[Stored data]
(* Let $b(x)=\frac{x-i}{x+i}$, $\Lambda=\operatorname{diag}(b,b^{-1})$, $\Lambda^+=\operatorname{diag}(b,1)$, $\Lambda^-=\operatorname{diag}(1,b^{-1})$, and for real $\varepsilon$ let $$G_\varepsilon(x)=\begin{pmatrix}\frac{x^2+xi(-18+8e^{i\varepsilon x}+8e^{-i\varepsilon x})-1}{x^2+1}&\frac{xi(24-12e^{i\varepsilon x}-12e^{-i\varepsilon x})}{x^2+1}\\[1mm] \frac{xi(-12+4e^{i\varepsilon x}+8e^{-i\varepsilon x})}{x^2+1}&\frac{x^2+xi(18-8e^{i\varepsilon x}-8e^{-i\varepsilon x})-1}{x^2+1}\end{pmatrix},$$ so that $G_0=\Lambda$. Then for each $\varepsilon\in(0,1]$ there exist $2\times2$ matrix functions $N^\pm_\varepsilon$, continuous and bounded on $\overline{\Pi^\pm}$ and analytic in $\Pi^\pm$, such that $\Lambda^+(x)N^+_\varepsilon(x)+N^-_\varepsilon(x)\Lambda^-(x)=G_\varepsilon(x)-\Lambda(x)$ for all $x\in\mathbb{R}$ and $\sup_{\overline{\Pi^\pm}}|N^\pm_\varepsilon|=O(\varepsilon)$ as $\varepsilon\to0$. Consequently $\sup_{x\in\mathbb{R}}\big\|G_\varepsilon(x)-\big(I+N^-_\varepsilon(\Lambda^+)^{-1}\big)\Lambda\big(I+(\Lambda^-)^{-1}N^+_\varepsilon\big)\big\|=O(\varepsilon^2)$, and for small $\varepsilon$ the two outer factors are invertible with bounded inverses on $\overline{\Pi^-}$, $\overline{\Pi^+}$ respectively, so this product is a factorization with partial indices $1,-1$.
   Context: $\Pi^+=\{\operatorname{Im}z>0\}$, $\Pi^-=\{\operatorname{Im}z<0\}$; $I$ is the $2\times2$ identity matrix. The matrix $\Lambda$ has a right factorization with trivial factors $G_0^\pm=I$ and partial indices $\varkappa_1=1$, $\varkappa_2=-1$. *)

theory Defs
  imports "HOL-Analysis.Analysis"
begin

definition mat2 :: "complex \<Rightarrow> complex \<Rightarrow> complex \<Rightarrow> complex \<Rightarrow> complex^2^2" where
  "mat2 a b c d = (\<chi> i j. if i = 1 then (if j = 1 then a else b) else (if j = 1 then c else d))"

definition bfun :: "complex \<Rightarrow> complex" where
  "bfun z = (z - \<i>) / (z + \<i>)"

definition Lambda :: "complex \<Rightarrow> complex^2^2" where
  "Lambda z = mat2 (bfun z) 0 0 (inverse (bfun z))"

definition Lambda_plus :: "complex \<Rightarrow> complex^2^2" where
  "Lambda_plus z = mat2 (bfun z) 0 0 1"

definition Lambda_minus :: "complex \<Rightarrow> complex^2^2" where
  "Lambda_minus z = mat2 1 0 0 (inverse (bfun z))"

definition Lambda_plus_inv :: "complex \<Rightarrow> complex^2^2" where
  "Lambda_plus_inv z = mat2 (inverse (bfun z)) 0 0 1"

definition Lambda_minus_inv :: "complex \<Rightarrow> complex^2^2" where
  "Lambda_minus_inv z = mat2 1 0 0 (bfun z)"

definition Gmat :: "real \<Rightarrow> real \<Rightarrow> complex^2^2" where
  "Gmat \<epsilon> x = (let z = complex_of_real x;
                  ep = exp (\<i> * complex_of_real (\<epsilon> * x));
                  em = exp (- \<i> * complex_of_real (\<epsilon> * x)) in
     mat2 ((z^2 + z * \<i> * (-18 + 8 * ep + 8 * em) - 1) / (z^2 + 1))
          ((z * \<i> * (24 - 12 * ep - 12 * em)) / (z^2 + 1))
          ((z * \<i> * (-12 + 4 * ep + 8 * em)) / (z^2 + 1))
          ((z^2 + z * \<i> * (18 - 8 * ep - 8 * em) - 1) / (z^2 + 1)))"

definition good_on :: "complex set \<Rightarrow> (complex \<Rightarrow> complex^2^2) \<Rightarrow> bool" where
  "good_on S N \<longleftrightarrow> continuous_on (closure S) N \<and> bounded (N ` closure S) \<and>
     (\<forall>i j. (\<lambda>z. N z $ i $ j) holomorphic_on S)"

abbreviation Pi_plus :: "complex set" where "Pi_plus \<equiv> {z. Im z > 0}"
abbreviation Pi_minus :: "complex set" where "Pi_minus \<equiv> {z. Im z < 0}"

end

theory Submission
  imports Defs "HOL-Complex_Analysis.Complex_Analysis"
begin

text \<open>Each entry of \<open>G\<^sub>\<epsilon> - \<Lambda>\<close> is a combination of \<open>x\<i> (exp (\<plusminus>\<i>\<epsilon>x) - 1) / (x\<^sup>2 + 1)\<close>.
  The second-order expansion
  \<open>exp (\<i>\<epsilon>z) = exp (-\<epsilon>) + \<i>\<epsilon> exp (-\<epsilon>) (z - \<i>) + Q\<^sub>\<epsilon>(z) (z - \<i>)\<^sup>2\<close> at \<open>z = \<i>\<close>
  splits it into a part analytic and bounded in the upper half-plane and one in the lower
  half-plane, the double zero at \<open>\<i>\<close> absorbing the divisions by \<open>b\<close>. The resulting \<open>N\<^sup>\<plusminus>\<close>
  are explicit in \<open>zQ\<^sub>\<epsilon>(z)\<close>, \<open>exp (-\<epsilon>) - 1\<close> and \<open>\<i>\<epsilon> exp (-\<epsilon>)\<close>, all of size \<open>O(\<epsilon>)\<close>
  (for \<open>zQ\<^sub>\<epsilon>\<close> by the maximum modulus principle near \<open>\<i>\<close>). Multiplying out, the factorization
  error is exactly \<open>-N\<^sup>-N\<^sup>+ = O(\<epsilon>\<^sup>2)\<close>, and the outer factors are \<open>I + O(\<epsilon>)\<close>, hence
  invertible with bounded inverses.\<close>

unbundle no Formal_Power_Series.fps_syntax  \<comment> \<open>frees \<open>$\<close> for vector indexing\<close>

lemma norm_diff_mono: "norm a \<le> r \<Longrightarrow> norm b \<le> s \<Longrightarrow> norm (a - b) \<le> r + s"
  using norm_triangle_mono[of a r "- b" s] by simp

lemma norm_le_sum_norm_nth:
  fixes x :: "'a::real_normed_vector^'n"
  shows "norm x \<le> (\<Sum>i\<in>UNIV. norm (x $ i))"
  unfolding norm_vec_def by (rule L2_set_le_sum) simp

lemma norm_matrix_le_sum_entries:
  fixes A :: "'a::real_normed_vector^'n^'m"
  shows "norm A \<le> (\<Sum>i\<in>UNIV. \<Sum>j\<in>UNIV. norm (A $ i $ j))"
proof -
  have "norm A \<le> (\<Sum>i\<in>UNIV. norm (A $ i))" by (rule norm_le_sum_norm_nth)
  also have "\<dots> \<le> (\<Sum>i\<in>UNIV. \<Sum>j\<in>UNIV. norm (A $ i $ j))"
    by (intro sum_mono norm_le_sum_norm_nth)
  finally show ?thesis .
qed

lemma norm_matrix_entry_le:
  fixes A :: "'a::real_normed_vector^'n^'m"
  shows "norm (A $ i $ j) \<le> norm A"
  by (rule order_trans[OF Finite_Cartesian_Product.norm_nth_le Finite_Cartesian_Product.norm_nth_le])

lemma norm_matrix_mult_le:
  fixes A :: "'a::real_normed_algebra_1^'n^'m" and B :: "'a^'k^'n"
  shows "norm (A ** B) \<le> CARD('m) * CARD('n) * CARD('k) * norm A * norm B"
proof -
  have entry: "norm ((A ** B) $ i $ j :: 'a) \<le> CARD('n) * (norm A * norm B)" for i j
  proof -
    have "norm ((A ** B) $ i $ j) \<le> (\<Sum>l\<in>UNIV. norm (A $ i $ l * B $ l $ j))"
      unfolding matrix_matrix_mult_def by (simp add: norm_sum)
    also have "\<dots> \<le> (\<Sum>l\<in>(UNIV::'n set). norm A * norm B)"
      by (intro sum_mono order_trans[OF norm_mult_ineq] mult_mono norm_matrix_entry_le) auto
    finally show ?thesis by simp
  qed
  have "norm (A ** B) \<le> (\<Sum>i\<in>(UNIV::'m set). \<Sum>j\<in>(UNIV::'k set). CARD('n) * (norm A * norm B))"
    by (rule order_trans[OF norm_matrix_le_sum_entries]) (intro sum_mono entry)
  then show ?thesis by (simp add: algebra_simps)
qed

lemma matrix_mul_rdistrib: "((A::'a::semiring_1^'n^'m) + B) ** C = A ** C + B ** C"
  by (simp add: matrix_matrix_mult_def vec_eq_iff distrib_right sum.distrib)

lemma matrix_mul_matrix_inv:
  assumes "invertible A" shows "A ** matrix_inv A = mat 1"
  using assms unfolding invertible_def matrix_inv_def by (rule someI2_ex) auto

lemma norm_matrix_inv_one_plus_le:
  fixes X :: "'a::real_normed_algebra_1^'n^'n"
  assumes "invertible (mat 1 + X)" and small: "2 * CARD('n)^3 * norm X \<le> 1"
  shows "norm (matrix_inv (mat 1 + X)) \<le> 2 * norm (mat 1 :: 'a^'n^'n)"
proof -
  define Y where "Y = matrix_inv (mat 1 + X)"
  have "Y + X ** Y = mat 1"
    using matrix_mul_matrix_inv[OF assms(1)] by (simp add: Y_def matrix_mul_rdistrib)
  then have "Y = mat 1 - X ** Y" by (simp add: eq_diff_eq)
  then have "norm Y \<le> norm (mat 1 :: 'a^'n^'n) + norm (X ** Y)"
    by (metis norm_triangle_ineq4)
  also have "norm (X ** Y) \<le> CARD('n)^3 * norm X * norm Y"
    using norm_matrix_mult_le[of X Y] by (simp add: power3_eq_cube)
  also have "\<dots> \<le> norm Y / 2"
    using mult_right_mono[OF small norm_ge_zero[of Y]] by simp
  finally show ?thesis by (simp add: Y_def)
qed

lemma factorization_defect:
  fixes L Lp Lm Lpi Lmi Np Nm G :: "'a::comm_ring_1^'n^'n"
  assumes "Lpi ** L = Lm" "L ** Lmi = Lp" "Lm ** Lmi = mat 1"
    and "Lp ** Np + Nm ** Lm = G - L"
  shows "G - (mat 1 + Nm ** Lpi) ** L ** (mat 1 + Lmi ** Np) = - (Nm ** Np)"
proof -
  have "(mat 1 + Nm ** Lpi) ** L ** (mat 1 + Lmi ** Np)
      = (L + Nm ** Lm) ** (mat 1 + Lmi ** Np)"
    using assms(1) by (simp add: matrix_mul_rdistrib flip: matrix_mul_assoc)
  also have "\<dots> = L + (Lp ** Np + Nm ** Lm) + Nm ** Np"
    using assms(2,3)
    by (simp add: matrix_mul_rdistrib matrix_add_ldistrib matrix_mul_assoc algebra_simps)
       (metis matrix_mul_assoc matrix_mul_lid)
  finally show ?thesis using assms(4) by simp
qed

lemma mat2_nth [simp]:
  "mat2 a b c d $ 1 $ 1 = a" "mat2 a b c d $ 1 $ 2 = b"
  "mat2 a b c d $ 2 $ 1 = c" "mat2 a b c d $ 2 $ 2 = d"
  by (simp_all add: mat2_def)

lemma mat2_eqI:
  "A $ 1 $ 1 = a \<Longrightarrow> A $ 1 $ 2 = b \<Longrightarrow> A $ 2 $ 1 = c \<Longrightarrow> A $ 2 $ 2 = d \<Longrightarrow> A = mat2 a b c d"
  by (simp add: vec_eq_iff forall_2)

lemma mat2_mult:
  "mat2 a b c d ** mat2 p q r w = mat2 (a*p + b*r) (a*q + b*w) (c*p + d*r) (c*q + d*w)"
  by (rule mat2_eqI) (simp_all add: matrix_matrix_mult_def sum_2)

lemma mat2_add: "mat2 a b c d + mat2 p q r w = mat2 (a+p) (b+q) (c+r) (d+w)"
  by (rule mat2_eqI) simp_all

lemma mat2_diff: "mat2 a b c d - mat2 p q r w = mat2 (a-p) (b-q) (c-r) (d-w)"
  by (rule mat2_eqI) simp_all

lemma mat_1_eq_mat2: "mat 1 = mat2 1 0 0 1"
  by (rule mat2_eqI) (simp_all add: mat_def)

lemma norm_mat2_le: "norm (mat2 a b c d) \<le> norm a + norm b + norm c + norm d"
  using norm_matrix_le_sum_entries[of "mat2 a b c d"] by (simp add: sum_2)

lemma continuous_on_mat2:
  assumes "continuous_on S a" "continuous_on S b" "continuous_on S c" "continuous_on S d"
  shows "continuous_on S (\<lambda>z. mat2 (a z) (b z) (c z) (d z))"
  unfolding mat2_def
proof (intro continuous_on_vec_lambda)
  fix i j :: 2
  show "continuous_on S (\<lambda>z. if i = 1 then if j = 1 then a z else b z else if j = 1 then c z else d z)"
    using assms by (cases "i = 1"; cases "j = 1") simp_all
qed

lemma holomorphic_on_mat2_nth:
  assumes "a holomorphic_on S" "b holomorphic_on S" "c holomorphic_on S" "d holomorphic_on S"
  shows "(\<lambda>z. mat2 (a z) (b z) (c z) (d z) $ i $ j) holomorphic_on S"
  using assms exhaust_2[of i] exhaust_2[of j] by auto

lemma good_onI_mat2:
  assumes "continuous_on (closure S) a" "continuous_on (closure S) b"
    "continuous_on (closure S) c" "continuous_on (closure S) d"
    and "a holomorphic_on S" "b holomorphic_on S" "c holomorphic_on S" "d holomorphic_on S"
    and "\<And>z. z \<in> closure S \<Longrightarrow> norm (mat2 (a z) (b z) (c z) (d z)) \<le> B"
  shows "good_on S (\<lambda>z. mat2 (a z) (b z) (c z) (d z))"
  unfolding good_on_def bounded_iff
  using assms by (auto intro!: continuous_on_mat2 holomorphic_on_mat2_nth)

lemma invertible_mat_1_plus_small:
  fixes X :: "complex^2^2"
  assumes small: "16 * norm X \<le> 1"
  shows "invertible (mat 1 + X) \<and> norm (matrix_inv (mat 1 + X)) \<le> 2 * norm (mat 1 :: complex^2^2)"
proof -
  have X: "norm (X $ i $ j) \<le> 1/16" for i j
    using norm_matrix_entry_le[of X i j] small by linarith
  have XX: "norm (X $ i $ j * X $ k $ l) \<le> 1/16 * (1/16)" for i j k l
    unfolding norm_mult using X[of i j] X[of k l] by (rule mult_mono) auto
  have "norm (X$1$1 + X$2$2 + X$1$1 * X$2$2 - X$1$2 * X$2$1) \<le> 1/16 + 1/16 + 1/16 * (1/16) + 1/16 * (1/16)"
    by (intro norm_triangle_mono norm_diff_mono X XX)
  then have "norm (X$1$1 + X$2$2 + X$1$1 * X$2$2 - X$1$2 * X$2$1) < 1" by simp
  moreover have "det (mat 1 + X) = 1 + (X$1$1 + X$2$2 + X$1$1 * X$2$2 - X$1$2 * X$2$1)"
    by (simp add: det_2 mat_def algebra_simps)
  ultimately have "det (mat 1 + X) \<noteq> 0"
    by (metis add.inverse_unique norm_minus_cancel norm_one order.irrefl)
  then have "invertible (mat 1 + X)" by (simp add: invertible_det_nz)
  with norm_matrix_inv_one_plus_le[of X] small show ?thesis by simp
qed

**EXERCISE AIM:** Give back exactly the lines above, from the line containing "j) \<le> norm" through the line containing "matrix_inv A = mat", with both end lines and nothing more.

**TASK SOLUTION:**
  shows "norm (A $ i $ j) \<le> norm A"
  by (rule order_trans[OF Finite_Cartesian_Product.norm_nth_le Finite_Cartesian_Product.norm_nth_le])

lemma norm_matrix_mult_le:
  fixes A :: "'a::real_normed_algebra_1^'n^'m" and B :: "'a^'k^'n"
  shows "norm (A ** B) \<le> CARD('m) * CARD('n) * CARD('k) * norm A * norm B"
proof -
  have entry: "norm ((A ** B) $ i $ j :: 'a) \<le> CARD('n) * (norm A * norm B)" for i j
  proof -
    have "norm ((A ** B) $ i $ j) \<le> (\<Sum>l\<in>UNIV. norm (A $ i $ l * B $ l $ j))"
      unfolding matrix_matrix_mult_def by (simp add: norm_sum)
    also have "\<dots> \<le> (\<Sum>l\<in>(UNIV::'n set). norm A * norm B)"
      by (intro sum_mono order_trans[OF norm_mult_ineq] mult_mono norm_matrix_entry_le) auto
    finally show ?thesis by simp
  qed
  have "norm (A ** B) \<le> (\<Sum>i\<in>(UNIV::'m set). \<Sum>j\<in>(UNIV::'k set). CARD('n) * (norm A * norm B))"
    by (rule order_trans[OF norm_matrix_le_sum_entries]) (intro sum_mono entry)
  then show ?thesis by (simp add: algebra_simps)
qed

lemma matrix_mul_rdistrib: "((A::'a::semiring_1^'n^'m) + B) ** C = A ** C + B ** C"
  by (simp add: matrix_matrix_mult_def vec_eq_iff distrib_right sum.distrib)

lemma matrix_mul_matrix_inv:
  assumes "invertible A" shows "A ** matrix_inv A = mat 1"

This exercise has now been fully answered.